Aku merupakan anak milenial asal Medan yang kini berusia 21 tahun. Selepas SMA aku bekerja part time sebagai tenaga kontrak, untuk membiayai kuliah dan membantu orang tua.
Delapan bulan yang lalu, Aku mengikuti seleksi program
beasiswa Karantina 6 bulan di Hafizh Qur’an Indonesia dengan alasan untuk
menyempurnakan hijrah agar orang tua bahagia. Aku menyadari bahwa selama ini
sering kali membuat orang tuaku susah.
Berbekal uang tabungan pas-pasan, Aku berangkat ke Bandung. Meski
sadar jika tidak lulus maka aku harus pulang.

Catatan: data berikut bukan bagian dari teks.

locale travelling_wave =
  fixes \<nu> b c :: real and f v v' v'' :: "real \<Rightarrow> real"
  assumes nu_pos: "\<nu> > 0" and b_pos: "b > 0"
    and f_cont: "continuous_on UNIV f"
    and v_mono: "mono v"
    and v_deriv: "\<And>x. (v has_real_derivative v' x) (at x)"
    and v'_deriv: "\<And>x. (v' has_real_derivative v'' x) (at x)"
    and v_lim_bot: "(v \<longlongrightarrow> 0) at_bot"
    and v_lim_top: "(v \<longlongrightarrow> 1) at_top"
    and ode: "\<And>x. c * v' x = \<nu> * v'' x + b * f (v x)"
begin

lemma v_le_one: "v x \<le> 1"
proof (rule tendsto_lowerbound[OF v_lim_top])
  show "\<forall>\<^sub>F y in at_top. v x \<le> v y"
    using eventually_ge_at_top[of x] by eventually_elim (use v_mono in \<open>simp add: monoD\<close>)
qed simp

lemma v_nonneg: "0 \<le> v x"
proof (rule tendsto_upperbound[OF v_lim_bot])
  show "\<forall>\<^sub>F y in at_bot. v y \<le> v x"
    using eventually_le_at_bot[of x] by eventually_elim (use v_mono in \<open>simp add: monoD\<close>)
qed simp

lemma v'_nonneg: "0 \<le> v' x"
  using mono_imp_deriv_nonneg[OF v_mono v_deriv] .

Dua hari mengikuti tes, Aku lulus bersyarat karena tidak
mencapai target Tilawah. Syaratnya dia harus mengkhatamkan 30 juz tilawah
Al-Qur’an dalam waktu 3x24 jam. Alhamdulillah, Allah memberinya kesempatan. Aku dinyatakan lulus dan bisa mengikuti
program karantina tahfizh.
Fase karantina dilalui dengan berat. Tilawah
14 juz perhari, setoran hafalan 5 lembar perhari. Aku sempat demotivasi karena
tilawah dan hafalannya paling sedikit dibanding santri yang lain. Aku berulang kali dipanggil dan dikonseling
oleh pihak Yayasan.
Menjelang setoran hafalan terakhir di Juz 30,
Aku kembali diuji, dua minggu dilalui tidak
selesai. Allah seperti menunda hafalannya. Musyrif mengingatkan untuk
meluruskan niat, minta maaf ke orang tua dan menjaga shalat malamnya.
Akhirnya, pada sore menjelang maghrib pada
tanggal 22 Oktober 2018 Aku berhasil menyelesaikan hafalan
terakhirnya dan menjadi Hafizh 30 Juz. Tepat pada Hari Santri Nasional. Allahu
Akbar!!!
"Dulu teman-teman Saya bukanlah orang yang memakai peci dan sarung. Sekarang Saya dikaruniai Allah Hafal Al-Qur’an,” isakku
Subhanallah… Walhamdulillah...
Semoga Allah berikan keberkahan untukku dan kepada orang tua yang terus
berdoa tiada henti. Semoga pahala Qur’an juga terus mengalir kepada para
donatur dan muzakki yang telah menyisihkan sebagian hartanya untuk program ini.